Славянофилы и Достоевский неоднократно именуют Россию святой Русью. Владимир Соловьев, веруя в религиозное призвание России, ставит ей задачу объединения обезбоженной культуры Запада с враждебной человеческому творчеству религией мусульманского Востока. Тютчев утверждает, что Европа живет надеждою, что Россия спасет Европу от дальнейшего революционного разрушения. Мережковский утопически мечтает о руководимой Россией социальной — на христианской основе — всеевропейской революции. Этот список имен и пророчеств можно было бы с легкостью продолжать дальше: Гоголь, Константин Леонтьев, Данилевский, Вячеслав Иванов и многие другие.

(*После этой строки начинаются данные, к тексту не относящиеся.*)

(* Let $(G,S,k)$ be an instance of \textsc{Edge Subset Feedback Vertex Set}, let $T=V(S)$, let $X$ be a dominant solution for $(G,S,k)$, and let $x$ be any vertex of $X_0=X\setminus T$. Then there exist $|X|+2$ paths in $G-S$, each starting in $T$ and ending in $X$, that are pairwise vertex-disjoint except for three of the paths, which all end in $x$ (and share only this vertex). Moreover, these paths can be chosen so that every connected component of $G-X-S$ is intersected by at most one of the paths.
   Context: Graphs are finite and undirected and may contain loops and parallel edges (so cycles of length one and two are allowed). An instance of \textsc{Edge Subset Feedback Vertex Set} is $(G,S,k)$ with $G=(V,E)$, $S\subseteq E$, $k\in\mathbb{N}$. An $S$-cycle is a cycle containing at least one edge of $S$. A solution is a set $X\subseteq V$ with $|X|\le k$ such that $G-X$ contains no $S$-cycle. $V(S)$ denotes the set of vertices incident with at least one edge of $S$. $G-S$ denotes $(V,E\setminus S)$ and $G-X-S$ denotes $(G-X)-S$. A solution $X$ is dominant if it has minimum size among all solutions and, among minimum-size solutions, contains the maximum possible number of vertices of $T=V(S)$. Paths may have length zero (a single vertex). *)

theory Defs
  imports Main
begin

text \<open>Finite multigraphs with loops and parallel edges: vertex set V, edge set E,
  and an incidence map ends assigning to each edge its set of end vertices
  (one vertex for a loop, two for an ordinary edge).\<close>

definition multigraph :: "'v set \<Rightarrow> 'e set \<Rightarrow> ('e \<Rightarrow> 'v set) \<Rightarrow> bool" where
  "multigraph V E ends \<longleftrightarrow> finite V \<and> finite E \<and>
     (\<forall>e\<in>E. ends e \<subseteq> V \<and> 1 \<le> card (ends e) \<and> card (ends e) \<le> 2)"

definition del_verts_E :: "'e set \<Rightarrow> ('e \<Rightarrow> 'v set) \<Rightarrow> 'v set \<Rightarrow> 'e set" where
  "del_verts_E E ends X = {e \<in> E. ends e \<inter> X = {}}"

text \<open>A cycle: vertices v_0..v_{n-1} (distinct), edges e_0..e_{n-1} (distinct),
  n \<ge> 1, edge e_i joining v_i and v_{i+1 mod n}. Length 1 = loop, length 2 = two parallel edges.\<close>
definition is_cycle :: "'v set \<Rightarrow> 'e set \<Rightarrow> ('e \<Rightarrow> 'v set) \<Rightarrow> 'v list \<Rightarrow> 'e list \<Rightarrow> bool" where
  "is_cycle V E ends vs es \<longleftrightarrow> vs \<noteq> [] \<and> length es = length vs \<and> distinct vs \<and> distinct es \<and>
     set vs \<subseteq> V \<and> set es \<subseteq> E \<and>
     (\<forall>i < length vs. ends (es ! i) = {vs ! i, vs ! ((i + 1) mod length vs)})"

definition is_S_cycle :: "'v set \<Rightarrow> 'e set \<Rightarrow> ('e \<Rightarrow> 'v set) \<Rightarrow> 'e set \<Rightarrow> 'v list \<Rightarrow> 'e list \<Rightarrow> bool" where
  "is_S_cycle V E ends S vs es \<longleftrightarrow> is_cycle V E ends vs es \<and> set es \<inter> S \<noteq> {}"

definition esfvs_solution :: "'v set \<Rightarrow> 'e set \<Rightarrow> ('e \<Rightarrow> 'v set) \<Rightarrow> 'e set \<Rightarrow> nat \<Rightarrow> 'v set \<Rightarrow> bool" where
  "esfvs_solution V E ends S k X \<longleftrightarrow> X \<subseteq> V \<and> card X \<le> k \<and>
     \<not> (\<exists>vs es. is_S_cycle (V - X) (del_verts_E E ends X) ends S vs es)"

definition verts_of :: "('e \<Rightarrow> 'v set) \<Rightarrow> 'e set \<Rightarrow> 'v set" where
  "verts_of ends S = (\<Union>e\<in>S. ends e)"

definition dominant_solution :: "'v set \<Rightarrow> 'e set \<Rightarrow> ('e \<Rightarrow> 'v set) \<Rightarrow> 'e set \<Rightarrow> nat \<Rightarrow> 'v set \<Rightarrow> bool" where
  "dominant_solution V E ends S k X \<longleftrightarrow> esfvs_solution V E ends S k X \<and>
     (\<forall>Y. esfvs_solution V E ends S k Y \<longrightarrow> card X \<le> card Y) \<and>
     (\<forall>Y. esfvs_solution V E ends S k Y \<longrightarrow> card Y = card X \<longrightarrow>
          card (Y \<inter> verts_of ends S) \<le> card (X \<inter> verts_of ends S))"

definition is_path :: "'v set \<Rightarrow> 'e set \<Rightarrow> ('e \<Rightarrow> 'v set) \<Rightarrow> 'v list \<Rightarrow> bool" where
  "is_path V E ends p \<longleftrightarrow> p \<noteq> [] \<and> distinct p \<and> set p \<subseteq> V \<and>
     (\<forall>i. Suc i < length p \<longrightarrow> (\<exists>e\<in>E. ends e = {p ! i, p ! Suc i}))"

definition reachable :: "'v set \<Rightarrow> 'e set \<Rightarrow> ('e \<Rightarrow> 'v set) \<Rightarrow> 'v \<Rightarrow> 'v \<Rightarrow> bool" where
  "reachable V E ends u v \<longleftrightarrow> (\<exists>p. is_path V E ends p \<and> hd p = u \<and> last p = v)"

definition components :: "'v set \<Rightarrow> 'e set \<Rightarrow> ('e \<Rightarrow> 'v set) \<Rightarrow> 'v set set" where
  "components V E ends = {{v \<in> V. reachable V E ends u v} | u. u \<in> V}"

end

theory Submission
  imports Defs
begin

text \<open>
  Every \<open>S\<close>-edge with both ends outside \<open>X\<close> is a bridge of \<open>G - X\<close>, so
  the components of \<open>G - X - S\<close> are strung together by \<open>S\<close>-edges like the nodes of a forest;
  hence any \<open>m\<close> of them can be separated from each other in \<open>G - X\<close> by deleting at most \<open>m - 1\<close>
  vertices of \<open>T\<close>. For \<open>Z \<subseteq> X - T\<close> call a component attached to \<open>Z\<close> if it meets \<open>T\<close> and is
  joined to \<open>Z\<close> by an edge outside \<open>S\<close>. If \<open>Z \<noteq> {}\<close> had at most \<open>|Z| + 1\<close> attached components,
  replacing \<open>Z\<close> in \<open>X\<close> by a separator of them would again hit every \<open>S\<close>-cycle, with at most
  \<open>|X|\<close> vertices but more of them in \<open>T\<close>, against dominance. So \<open>Z\<close> has at least \<open>|Z| + 2\<close>
  attached components, and Hall's theorem gives pairwise distinct attached components for the
  vertices of \<open>X - T\<close>, three of them for \<open>x\<close>. Inside each chosen component a path runs from \<open>T\<close>
  to a neighbour of its vertex; the vertices of \<open>X \<inter> T\<close> are paths of length zero.
\<close>

section \<open>Walks and \<open>S\<close>-cycles\<close>

definition edge_rel :: "'v set \<Rightarrow> 'e set \<Rightarrow> ('e \<Rightarrow> 'v set) \<Rightarrow> ('v \<times> 'v) set" where
  "edge_rel Vs F ends = {(a, b). a \<in> Vs \<and> b \<in> Vs \<and> (\<exists>e\<in>F. ends e = {a, b})}"

lemma sym_edge_rel: "sym (edge_rel Vs F ends)"
  by (auto simp: sym_def edge_rel_def insert_commute)

lemma rtrancl_edge_rel_sym:
  "(a, b) \<in> (edge_rel Vs F ends)\<^sup>* \<Longrightarrow> (b, a) \<in> (edge_rel Vs F ends)\<^sup>*"
  using sym_rtrancl[OF sym_edge_rel] by (rule symD)

lemma edge_rel_mono: "Vs \<subseteq> Vs' \<Longrightarrow> F \<subseteq> F' \<Longrightarrow> edge_rel Vs F ends \<subseteq> edge_rel Vs' F' ends"
  by (auto simp: edge_rel_def)

lemma rtrancl_edge_rel_mono:
  "(a, b) \<in> (edge_rel Vs F ends)\<^sup>* \<Longrightarrow> Vs \<subseteq> Vs' \<Longrightarrow> F \<subseteq> F' \<Longrightarrow>
    (a, b) \<in> (edge_rel Vs' F' ends)\<^sup>*"
  using rtrancl_mono[OF edge_rel_mono] by blast

lemma rtrancl_edge_rel_in:
  "(a, b) \<in> (edge_rel Vs F ends)\<^sup>* \<Longrightarrow> a = b \<or> a \<in> Vs \<and> b \<in> Vs"
  by (induction rule: rtrancl_induct) (auto simp: edge_rel_def)

lemma edge_rel_del_verts:
  "edge_rel (V - Y) (del_verts_E F ends Y) ends = edge_rel (V - Y) F ends"
  by (auto simp: edge_rel_def del_verts_E_def)

lemma rtrancl_edge_rel_first_entry:
  assumes "(a, b) \<in> (edge_rel Vs F ends)\<^sup>*" "a \<notin> D"
  obtains "(a, b) \<in> (edge_rel (Vs - D) F ends)\<^sup>*"
  | w w' where "(a, w) \<in> (edge_rel (Vs - D) F ends)\<^sup>*" "w \<notin> D"
      "(w, w') \<in> edge_rel Vs F ends" "w' \<in> D" "(w', b) \<in> (edge_rel Vs F ends)\<^sup>*"
proof -
  have "(a, b) \<in> (edge_rel (Vs - D) F ends)\<^sup>* \<or>
    (\<exists>w w'. (a, w) \<in> (edge_rel (Vs - D) F ends)\<^sup>* \<and> w \<notin> D \<and>
       (w, w') \<in> edge_rel Vs F ends \<and> w' \<in> D \<and> (w', b) \<in> (edge_rel Vs F ends)\<^sup>*)"
    using assms(1)
  proof (induction rule: rtrancl_induct)
    case (step y z)
    show ?case
    proof (cases "(a, y) \<in> (edge_rel (Vs - D) F ends)\<^sup>*")
      case True
      moreover have "y \<notin> D" using True assms(2) rtrancl_edge_rel_in by fastforce
      ultimately show ?thesis
        using step.hyps(2) rtrancl_into_rtrancl[OF True, of z]
        by (cases "z \<in> D") (auto simp: edge_rel_def)
    next
      case False
      with step.IH step.hyps(2) show ?thesis by (meson rtrancl.rtrancl_into_rtrancl)
    qed
  qed simp
  with that show thesis by blast
qed

lemma rtrancl_edge_rel_last_exit:
  assumes "(a, b) \<in> (edge_rel Vs F ends)\<^sup>*" "a \<in> D" "b \<notin> D"
  obtains w w' where "w \<in> D" "(w, w') \<in> edge_rel Vs F ends" "w' \<notin> D"
    "(w', b) \<in> (edge_rel (Vs - D) F ends)\<^sup>*"
  using rtrancl_edge_rel_sym[OF assms(1)] assms(3)
proof (cases rule: rtrancl_edge_rel_first_entry)
  case 1
  then show ?thesis using assms(2,3) rtrancl_edge_rel_in by fastforce
next
  case (2 w w')
  then show ?thesis
    using that[of w' w] sym_edge_rel rtrancl_edge_rel_sym by (metis symD)
qed

lemma path_take:
  "is_path Vs F ends p \<Longrightarrow> j < length p \<Longrightarrow> is_path Vs F ends (take (Suc j) p)"
  by (auto simp: is_path_def dest: in_set_takeD)

lemma path_snoc:
  assumes p: "is_path Vs F ends p" and v: "v \<notin> set p" "v \<in> Vs"
    and e: "\<exists>e\<in>F. ends e = {last p, v}"
  shows "is_path Vs F ends (p @ [v])"
  unfolding is_path_def
proof (intro conjI allI impI)
  show "p @ [v] \<noteq> []" "distinct (p @ [v])" "set (p @ [v]) \<subseteq> Vs"
    using p v by (auto simp: is_path_def)
  fix i assume i: "Suc i < length (p @ [v])"
  show "\<exists>e\<in>F. ends e = {(p @ [v]) ! i, (p @ [v]) ! Suc i}"
  proof (cases "Suc i < length p")
    case True then show ?thesis using p by (simp add: nth_append is_path_def)
  next
    case False
    then have "i = length p - 1" "p \<noteq> []" using i p by (auto simp: is_path_def)
    then show ?thesis using e by (auto simp: nth_append last_conv_nth)
  qed
qed

lemma path_mono_verts: "is_path Vs F ends p \<Longrightarrow> Vs \<subseteq> Vs' \<Longrightarrow> is_path Vs' F ends p"
  by (auto simp: is_path_def)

Как нам быть с этими пророчествами? Характер большевистской революции и все растущие успехи советской России как будто бы повелительно ставят перед нами вопрос: не были ли все наши пророки — лжепророками и не прав ли был, как это многие ныне думают, неистовый Белинский, утверждавший в своем известном письме к Гоголю, что русский народ по существу народ атеистический, исполненный темных суеверий, но лишенный даже и следа религиозной веры.

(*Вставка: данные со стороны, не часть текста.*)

(* Let $0<c<1$. The dynamics on $\mathbb{R}^{|S|}\times\mathbb{R}^{|S|\times|A|}_{>0}$ $$\frac{dv_{s'}}{dt}=-\Big(v_{s'}-\frac1\alpha\sum_{s,a}K_{ass'}u_{sa}\Big),\ s'\in S,$$ $$\frac{du_{s\cdot}}{dt}=-\tilde u_s\big(\mathrm{diag}(\pi_{s\cdot})-c\,\pi_{s\cdot}\pi_{s\cdot}^{\mathsf T}\big)\Big(\log\frac{u_{s\cdot}}{\tilde u_s}-\frac1\tau\Big(r_{s\cdot}-\sum_{s'}K_{\cdot ss'}v_{s'}\Big)\Big),\ s\in S,$$ with $\pi_{sa}=u_{sa}/\tilde u_s$, converges to $(v^*,u^* )$ at rate $O(e^{-\kappa t})$ for some $\kappa>0$, where $(v^*,u^* )$ is the unique saddle point of $\min_v\max_u E(v,u)$.
   Context: Finite MDP: state space $S$, action space $A$, transition probabilities $P_{ass'}$ (with $\sum_{s'}P_{ass'}=1$), rewards $r_{sa}\ge0$, discount $\gamma\in(0,1)$, regularization $\tau>0$, and $\alpha>0$. $K_{ass'}=\delta_{ss'}-\gamma P_{ass'}$, $\tilde u_s=\sum_a u_{sa}$. For fixed $s$, $u_{s\cdot},\pi_{s\cdot},r_{s\cdot}\in\mathbb{R}^{|A|}$ are the vectors indexed by $a$, $K_{\cdot ss'}\in\mathbb{R}^{|A|}$ has $a$-th entry $K_{ass'}$, logarithms and divisions of vectors are entrywise, and $\mathrm{diag}(x)$ is the diagonal matrix with diagonal $x$. $E(v,u)=\frac{\alpha}{2}\sum_s v_s^2+\sum_{s,a}u_{sa}(r_{sa}-\sum_{s'}K_{ass'}v_{s'})-\tau\sum_{s,a}u_{sa}\log(u_{sa}/\tilde u_s)$; this min-max problem has a unique saddle point $(v^*,u^* )$. *)

theory Defs
  imports "HOL-Analysis.Analysis"
begin

text \<open>Finite MDP. States have type 's::finite, actions 'a::finite.
  P a s s' is the transition probability P_{ass'}; r s a is r_{sa};
  v :: 's => real; u s a is u_{sa}.\<close>

definition Kmat :: "real \<Rightarrow> ('a \<Rightarrow> 's \<Rightarrow> 's \<Rightarrow> real) \<Rightarrow> 'a \<Rightarrow> 's \<Rightarrow> 's \<Rightarrow> real" where
  "Kmat \<gamma> P a s s' = (if s = s' then 1 else 0) - \<gamma> * P a s s'"

definition utilde :: "('s \<Rightarrow> 'a::finite \<Rightarrow> real) \<Rightarrow> 's \<Rightarrow> real" where
  "utilde u s = (\<Sum>a\<in>UNIV. u s a)"

definition Efun ::
  "real \<Rightarrow> real \<Rightarrow> real \<Rightarrow> ('a::finite \<Rightarrow> 's::finite \<Rightarrow> 's \<Rightarrow> real) \<Rightarrow> ('s \<Rightarrow> 'a \<Rightarrow> real)
    \<Rightarrow> ('s \<Rightarrow> real) \<Rightarrow> ('s \<Rightarrow> 'a \<Rightarrow> real) \<Rightarrow> real" where
  "Efun \<alpha> \<gamma> \<tau> P r v u =
     \<alpha> / 2 * (\<Sum>s\<in>UNIV. (v s)\<^sup>2)
     + (\<Sum>s\<in>UNIV. \<Sum>a\<in>UNIV. u s a * (r s a - (\<Sum>s'\<in>UNIV. Kmat \<gamma> P a s s' * v s')))
     - \<tau> * (\<Sum>s\<in>UNIV. \<Sum>a\<in>UNIV. u s a * ln (u s a / utilde u s))"

definition pos_u :: "('s \<Rightarrow> 'a \<Rightarrow> real) \<Rightarrow> bool" where
  "pos_u u \<longleftrightarrow> (\<forall>s a. u s a > 0)"

definition is_saddle ::
  "real \<Rightarrow> real \<Rightarrow> real \<Rightarrow> ('a::finite \<Rightarrow> 's::finite \<Rightarrow> 's \<Rightarrow> real) \<Rightarrow> ('s \<Rightarrow> 'a \<Rightarrow> real)
    \<Rightarrow> ('s \<Rightarrow> real) \<Rightarrow> ('s \<Rightarrow> 'a \<Rightarrow> real) \<Rightarrow> bool" where
  "is_saddle \<alpha> \<gamma> \<tau> P r vs us \<longleftrightarrow> pos_u us \<and>
     (\<forall>v u. pos_u u \<longrightarrow>
        Efun \<alpha> \<gamma> \<tau> P r vs u \<le> Efun \<alpha> \<gamma> \<tau> P r vs us \<and>
        Efun \<alpha> \<gamma> \<tau> P r vs us \<le> Efun \<alpha> \<gamma> \<tau> P r v us)"

definition v_rhs ::
  "real \<Rightarrow> real \<Rightarrow> ('a::finite \<Rightarrow> 's::finite \<Rightarrow> 's \<Rightarrow> real)
    \<Rightarrow> ('s \<Rightarrow> real) \<Rightarrow> ('s \<Rightarrow> 'a \<Rightarrow> real) \<Rightarrow> 's \<Rightarrow> real" where
  "v_rhs \<alpha> \<gamma> P v u s' =
     - (v s' - 1 / \<alpha> * (\<Sum>s\<in>UNIV. \<Sum>a\<in>UNIV. Kmat \<gamma> P a s s' * u s a))"

definition u_rhs ::
  "real \<Rightarrow> real \<Rightarrow> real \<Rightarrow> ('a::finite \<Rightarrow> 's::finite \<Rightarrow> 's \<Rightarrow> real) \<Rightarrow> ('s \<Rightarrow> 'a \<Rightarrow> real)
    \<Rightarrow> ('s \<Rightarrow> real) \<Rightarrow> ('s \<Rightarrow> 'a \<Rightarrow> real) \<Rightarrow> 's \<Rightarrow> 'a \<Rightarrow> real" where
  "u_rhs c \<gamma> \<tau> P r v u s a =
     (let ut = utilde u s;
          \<pi> = (\<lambda>b. u s b / ut);
          g = (\<lambda>b. ln (u s b / ut) - 1 / \<tau> * (r s b - (\<Sum>s'\<in>UNIV. Kmat \<gamma> P b s s' * v s')));
          M = (\<lambda>a b. (if a = b then \<pi> a else 0) - c * \<pi> a * \<pi> b)
      in - ut * (\<Sum>b\<in>UNIV. M a b * g b))"

end

theory Submission
  imports Defs
begin

text \<open>Write e = V - v*, \<pi> = U / \<tilde>U for the policy, and KL(x | y) = x ln(x/y) - x + y. The function
  L = \<alpha>/2 |e|^2 + \<tau> (\<Sigma> KL(u*_sa | U_sa) + c/(1-c) \<Sigma> KL(\<tilde>u*_s | \<tilde>U_s))
  has derivative -\<alpha> |e|^2 - \<tau> \<Sigma> (U - u*)(ln \<pi> - ln \<pi>*) along the flow, because the first-order
  conditions of the saddle point turn the right-hand sides into errors; the second term dominates
  |\<pi> - \<pi>*|^2. Since L decreases, U stays in a compact subset of the open orthant. L alone does not
  see the mass error \<tilde>U - \<tilde>u*, but the contraction \<gamma> < 1 of the transition operator controls it by
  z = K^T (U - u*) / \<alpha> and \<pi> - \<pi>*; subtracting a small multiple of the cross term \<langle>e, z\<rangle> yields
  W with W' \<le> -\<kappa> W and W \<ge> m (|e|^2 + |U - u*|^2), whence exponential convergence.\<close>


section \<open>Generalized Kullback-Leibler divergence\<close>

definition gen_kl :: "real \<Rightarrow> real \<Rightarrow> real" where
  "gen_kl x y = x * ln (x / y) - x + y"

Ряд фактов даже и новейшей русской истории как будто бы оспаривают мнение Белинского: в 1875 г. русское крестьянство было впервые подвинуто на революционные выступления подложным царским манифестом, начинавшимся со слов: «Осени себя крестным знаменем, православный русский народ» (Чигиринское дело). В 1905 г. петербургские рабочие шли к Зимнему дворцу под предводительством священника с крестом и хоругвями. Программы революционных партий были продиктованы отнюдь не темною завистью обездоленного народа, но совестью господ. Осуществлялись они с такою силою самопожертвования, что революционеры-интеллигенты заслужили со стороны христианского историка Федотова название святых XIX века. И, наконец, государь император: человек слабый, религиозный, во многом напоминавший царя Феодора Иоанновича, с ранних лет предчувствовавший свою гибель и постоянно перечитывавший книгу Иова, он с подлинно христианским смирением принял свою судьбу и даже выражал надежду, что Временное правительство осуществит то, что ему осуществить не было суждено. Все это так, но чем же все это кончилось: петербургских рабочих вел к Зимнему дворцу правительственный провокатор, христианский царь приказал открыть огонь по рабочим. В борьбе революционных партий победили приверженцы Ленина, считавшего всякую веру, как демократическую, так и религиозную, «труположеством». Две мысли Европы — Россия и революция — слились в двуединый страшный образ русской революции.
Не принуждает ли нас все это присоединиться к мнению Белинского? Думаю — что нет. Это «нет» особенно страстно защищал Н.А.Бердяев, доказывая, что Россия всеми своими грехами, даже и всем своим революционным богоборчеством все же атакует небо, в то время как Запад даже и своими добродетелями служит земле. В переводе на язык Шпенглера это означает, что большевизм представляет собой как бы псевдоморфозу русской религиозности. Мне эта морфологическая терминология представляется неправильной, почему я и предпочитаю определение большевизма как грехопадения русской национально-религиозной идеи; но дело, конечно, не в терминологии, а в осознании нашей революции как религиозной трагедии.